(Records excerpted from a collection)
______________________________
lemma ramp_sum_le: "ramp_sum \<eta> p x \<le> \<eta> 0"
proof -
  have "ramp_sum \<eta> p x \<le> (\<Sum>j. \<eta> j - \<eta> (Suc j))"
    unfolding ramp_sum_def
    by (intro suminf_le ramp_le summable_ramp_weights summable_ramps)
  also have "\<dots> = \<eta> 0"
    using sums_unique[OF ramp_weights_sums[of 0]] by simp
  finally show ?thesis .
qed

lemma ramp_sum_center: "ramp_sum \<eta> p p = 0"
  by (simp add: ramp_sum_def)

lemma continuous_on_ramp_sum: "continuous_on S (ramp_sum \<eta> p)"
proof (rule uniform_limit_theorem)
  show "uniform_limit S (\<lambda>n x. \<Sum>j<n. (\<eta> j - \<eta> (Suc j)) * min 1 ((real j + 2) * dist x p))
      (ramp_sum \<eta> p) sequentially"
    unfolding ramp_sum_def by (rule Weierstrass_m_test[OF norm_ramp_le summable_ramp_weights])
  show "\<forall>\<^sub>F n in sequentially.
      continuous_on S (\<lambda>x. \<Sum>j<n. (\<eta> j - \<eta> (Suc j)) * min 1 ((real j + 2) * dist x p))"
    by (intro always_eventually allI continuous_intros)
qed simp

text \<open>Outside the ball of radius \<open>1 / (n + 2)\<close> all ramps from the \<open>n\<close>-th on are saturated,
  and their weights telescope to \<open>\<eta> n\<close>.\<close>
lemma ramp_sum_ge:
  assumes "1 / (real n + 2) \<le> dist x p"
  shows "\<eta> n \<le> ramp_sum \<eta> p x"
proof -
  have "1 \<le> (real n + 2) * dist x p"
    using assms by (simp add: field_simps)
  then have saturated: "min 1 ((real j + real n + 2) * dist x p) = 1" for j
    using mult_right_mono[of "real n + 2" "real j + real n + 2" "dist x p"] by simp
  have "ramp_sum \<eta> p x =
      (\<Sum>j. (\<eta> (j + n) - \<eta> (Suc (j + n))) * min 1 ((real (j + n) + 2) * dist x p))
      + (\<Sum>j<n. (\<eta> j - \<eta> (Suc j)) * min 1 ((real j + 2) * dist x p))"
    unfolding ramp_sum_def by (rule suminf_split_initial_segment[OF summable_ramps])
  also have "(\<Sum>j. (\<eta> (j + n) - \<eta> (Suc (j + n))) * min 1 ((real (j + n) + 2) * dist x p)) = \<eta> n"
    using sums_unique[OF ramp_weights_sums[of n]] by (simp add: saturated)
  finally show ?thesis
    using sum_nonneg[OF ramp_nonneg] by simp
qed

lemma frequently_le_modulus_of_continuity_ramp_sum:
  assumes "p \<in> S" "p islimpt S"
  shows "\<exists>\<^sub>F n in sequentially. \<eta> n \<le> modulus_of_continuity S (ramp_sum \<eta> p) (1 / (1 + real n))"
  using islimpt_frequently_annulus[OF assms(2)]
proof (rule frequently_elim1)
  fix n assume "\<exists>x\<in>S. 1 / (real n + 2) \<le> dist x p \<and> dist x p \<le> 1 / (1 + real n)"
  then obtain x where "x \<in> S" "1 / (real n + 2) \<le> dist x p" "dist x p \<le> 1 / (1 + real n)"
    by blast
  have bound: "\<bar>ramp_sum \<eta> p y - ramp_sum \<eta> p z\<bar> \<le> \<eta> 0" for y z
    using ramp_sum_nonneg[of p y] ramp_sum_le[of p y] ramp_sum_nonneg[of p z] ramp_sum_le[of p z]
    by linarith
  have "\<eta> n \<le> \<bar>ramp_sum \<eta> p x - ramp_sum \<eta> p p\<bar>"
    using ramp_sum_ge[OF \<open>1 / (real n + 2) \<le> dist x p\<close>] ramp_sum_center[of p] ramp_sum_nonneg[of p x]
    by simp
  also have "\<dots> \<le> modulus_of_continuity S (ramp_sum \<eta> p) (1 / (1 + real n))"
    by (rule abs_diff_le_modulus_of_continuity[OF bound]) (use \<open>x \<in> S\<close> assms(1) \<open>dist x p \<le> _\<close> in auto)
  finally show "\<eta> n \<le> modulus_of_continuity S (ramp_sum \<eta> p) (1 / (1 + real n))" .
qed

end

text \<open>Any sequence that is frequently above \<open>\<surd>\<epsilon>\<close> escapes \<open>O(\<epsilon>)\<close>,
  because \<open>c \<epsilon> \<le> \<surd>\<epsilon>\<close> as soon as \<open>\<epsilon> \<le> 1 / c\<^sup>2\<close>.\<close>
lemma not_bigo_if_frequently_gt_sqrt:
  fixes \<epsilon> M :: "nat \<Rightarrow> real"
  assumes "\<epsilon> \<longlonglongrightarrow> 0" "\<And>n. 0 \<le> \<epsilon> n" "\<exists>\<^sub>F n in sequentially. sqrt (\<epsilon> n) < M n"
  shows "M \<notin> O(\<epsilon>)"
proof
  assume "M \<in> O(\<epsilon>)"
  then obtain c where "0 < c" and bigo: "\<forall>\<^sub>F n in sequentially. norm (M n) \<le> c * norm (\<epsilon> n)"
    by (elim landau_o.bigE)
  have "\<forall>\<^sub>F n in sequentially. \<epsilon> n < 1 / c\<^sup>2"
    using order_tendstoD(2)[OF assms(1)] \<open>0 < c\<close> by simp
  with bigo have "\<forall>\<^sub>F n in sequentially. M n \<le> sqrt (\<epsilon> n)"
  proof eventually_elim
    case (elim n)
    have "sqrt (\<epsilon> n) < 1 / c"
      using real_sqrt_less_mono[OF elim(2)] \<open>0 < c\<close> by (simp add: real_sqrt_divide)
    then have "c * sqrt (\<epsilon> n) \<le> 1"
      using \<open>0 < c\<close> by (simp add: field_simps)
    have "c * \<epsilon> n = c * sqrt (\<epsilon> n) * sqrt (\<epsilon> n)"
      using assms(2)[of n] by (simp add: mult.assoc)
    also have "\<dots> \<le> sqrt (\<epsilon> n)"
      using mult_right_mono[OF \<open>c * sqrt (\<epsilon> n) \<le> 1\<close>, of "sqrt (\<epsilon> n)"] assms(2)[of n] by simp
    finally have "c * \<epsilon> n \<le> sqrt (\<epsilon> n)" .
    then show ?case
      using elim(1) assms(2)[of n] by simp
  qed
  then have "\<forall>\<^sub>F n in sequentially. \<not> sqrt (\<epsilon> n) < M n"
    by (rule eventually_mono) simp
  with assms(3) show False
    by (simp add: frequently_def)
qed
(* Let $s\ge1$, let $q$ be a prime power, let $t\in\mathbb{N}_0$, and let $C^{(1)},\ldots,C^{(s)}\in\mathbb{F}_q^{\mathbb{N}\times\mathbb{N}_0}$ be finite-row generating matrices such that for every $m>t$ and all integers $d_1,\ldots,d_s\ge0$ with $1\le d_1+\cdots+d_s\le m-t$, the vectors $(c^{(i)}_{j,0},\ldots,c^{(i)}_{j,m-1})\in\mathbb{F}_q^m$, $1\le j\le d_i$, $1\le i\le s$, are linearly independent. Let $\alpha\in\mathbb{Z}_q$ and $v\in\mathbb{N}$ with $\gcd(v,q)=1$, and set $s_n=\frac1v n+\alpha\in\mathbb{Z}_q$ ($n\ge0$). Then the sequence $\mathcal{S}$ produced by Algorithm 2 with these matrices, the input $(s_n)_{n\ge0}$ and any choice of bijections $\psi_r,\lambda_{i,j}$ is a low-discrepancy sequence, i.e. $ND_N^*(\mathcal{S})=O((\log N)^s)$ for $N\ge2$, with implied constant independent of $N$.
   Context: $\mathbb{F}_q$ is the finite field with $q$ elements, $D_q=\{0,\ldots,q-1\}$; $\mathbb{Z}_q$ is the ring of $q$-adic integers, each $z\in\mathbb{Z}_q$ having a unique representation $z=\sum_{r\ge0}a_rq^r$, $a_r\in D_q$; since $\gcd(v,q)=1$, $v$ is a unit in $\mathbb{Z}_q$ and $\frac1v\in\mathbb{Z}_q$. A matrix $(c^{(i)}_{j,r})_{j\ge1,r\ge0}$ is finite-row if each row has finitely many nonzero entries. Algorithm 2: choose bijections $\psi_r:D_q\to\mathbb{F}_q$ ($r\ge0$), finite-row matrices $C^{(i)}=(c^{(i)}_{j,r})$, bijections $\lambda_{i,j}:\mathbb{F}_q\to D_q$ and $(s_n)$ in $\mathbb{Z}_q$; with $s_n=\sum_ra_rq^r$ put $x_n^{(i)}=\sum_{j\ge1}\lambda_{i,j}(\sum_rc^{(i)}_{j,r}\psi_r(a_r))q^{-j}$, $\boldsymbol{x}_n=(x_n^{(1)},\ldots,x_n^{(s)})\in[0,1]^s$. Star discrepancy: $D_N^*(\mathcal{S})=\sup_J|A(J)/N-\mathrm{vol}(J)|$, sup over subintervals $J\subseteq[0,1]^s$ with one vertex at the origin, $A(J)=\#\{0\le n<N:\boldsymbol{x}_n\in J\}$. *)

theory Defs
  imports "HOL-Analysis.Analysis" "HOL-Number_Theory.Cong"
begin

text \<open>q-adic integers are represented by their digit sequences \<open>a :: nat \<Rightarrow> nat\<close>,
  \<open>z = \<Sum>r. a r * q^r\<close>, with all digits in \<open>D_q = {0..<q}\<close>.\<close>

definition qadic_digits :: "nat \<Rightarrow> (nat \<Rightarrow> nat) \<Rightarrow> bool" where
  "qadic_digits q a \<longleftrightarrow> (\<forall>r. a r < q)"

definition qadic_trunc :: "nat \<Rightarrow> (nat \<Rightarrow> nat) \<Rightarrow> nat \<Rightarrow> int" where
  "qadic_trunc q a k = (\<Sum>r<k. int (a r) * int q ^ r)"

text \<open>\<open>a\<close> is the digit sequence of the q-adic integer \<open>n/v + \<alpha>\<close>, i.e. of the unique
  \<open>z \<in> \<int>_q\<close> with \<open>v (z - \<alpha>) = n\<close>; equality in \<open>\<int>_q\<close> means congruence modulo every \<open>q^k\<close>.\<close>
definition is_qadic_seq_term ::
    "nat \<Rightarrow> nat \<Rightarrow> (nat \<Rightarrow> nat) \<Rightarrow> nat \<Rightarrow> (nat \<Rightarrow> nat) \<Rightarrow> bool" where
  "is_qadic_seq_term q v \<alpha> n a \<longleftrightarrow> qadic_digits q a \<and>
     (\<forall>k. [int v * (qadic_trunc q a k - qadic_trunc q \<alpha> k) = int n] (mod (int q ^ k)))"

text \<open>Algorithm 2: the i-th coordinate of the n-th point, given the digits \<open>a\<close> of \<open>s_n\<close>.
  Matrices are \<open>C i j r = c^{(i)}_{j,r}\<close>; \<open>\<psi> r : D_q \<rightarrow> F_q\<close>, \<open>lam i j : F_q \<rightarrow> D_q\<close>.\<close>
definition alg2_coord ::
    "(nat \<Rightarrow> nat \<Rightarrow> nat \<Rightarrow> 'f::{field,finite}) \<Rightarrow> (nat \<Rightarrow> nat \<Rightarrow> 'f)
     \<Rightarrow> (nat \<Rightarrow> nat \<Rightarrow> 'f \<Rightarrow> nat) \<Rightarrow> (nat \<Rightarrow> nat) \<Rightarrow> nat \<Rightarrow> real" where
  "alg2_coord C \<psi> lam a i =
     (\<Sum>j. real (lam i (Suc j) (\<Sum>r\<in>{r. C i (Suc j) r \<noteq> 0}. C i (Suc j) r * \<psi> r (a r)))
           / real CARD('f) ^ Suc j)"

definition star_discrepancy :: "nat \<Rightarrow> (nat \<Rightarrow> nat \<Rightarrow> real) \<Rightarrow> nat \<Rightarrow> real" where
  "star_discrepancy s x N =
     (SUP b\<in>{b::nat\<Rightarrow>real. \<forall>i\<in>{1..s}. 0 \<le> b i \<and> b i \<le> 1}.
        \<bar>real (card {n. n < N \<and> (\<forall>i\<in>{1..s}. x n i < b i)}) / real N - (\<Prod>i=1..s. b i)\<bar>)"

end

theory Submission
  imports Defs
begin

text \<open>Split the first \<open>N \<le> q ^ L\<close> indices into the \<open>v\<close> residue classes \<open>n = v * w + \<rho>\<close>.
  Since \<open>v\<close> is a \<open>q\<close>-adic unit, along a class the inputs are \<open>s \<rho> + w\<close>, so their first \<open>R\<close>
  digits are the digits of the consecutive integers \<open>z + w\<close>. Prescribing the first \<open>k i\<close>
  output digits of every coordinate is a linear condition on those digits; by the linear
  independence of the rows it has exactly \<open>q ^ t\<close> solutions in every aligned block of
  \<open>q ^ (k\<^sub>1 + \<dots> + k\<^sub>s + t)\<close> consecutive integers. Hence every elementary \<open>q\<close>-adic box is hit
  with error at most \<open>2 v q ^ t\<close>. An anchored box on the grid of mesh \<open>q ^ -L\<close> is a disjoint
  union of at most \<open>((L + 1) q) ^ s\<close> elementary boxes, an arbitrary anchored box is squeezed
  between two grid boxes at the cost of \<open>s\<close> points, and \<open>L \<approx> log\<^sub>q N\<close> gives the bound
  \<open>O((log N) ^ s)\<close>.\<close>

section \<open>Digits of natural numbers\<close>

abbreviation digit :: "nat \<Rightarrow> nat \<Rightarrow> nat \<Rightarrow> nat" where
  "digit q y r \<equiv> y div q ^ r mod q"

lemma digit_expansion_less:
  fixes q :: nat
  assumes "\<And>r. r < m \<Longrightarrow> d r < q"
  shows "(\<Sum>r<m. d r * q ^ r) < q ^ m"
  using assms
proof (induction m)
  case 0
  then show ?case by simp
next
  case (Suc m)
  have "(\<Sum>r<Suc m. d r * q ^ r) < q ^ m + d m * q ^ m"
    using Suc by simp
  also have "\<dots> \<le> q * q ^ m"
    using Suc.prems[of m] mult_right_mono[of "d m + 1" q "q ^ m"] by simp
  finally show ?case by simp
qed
______________________________
• Required action: Once the line with "section \<open>Digits of" is found, write out that line and every one after it through the last line of the records, exactly and with nothing else.

• Exercise output:
section \<open>Digits of natural numbers\<close>

abbreviation digit :: "nat \<Rightarrow> nat \<Rightarrow> nat \<Rightarrow> nat" where
  "digit q y r \<equiv> y div q ^ r mod q"

lemma digit_expansion_less:
  fixes q :: nat
  assumes "\<And>r. r < m \<Longrightarrow> d r < q"
  shows "(\<Sum>r<m. d r * q ^ r) < q ^ m"
  using assms
proof (induction m)
  case 0
  then show ?case by simp
next
  case (Suc m)
  have "(\<Sum>r<Suc m. d r * q ^ r) < q ^ m + d m * q ^ m"
    using Suc by simp
  also have "\<dots> \<le> q * q ^ m"
    using Suc.prems[of m] mult_right_mono[of "d m + 1" q "q ^ m"] by simp
  finally show ?case by simp
qed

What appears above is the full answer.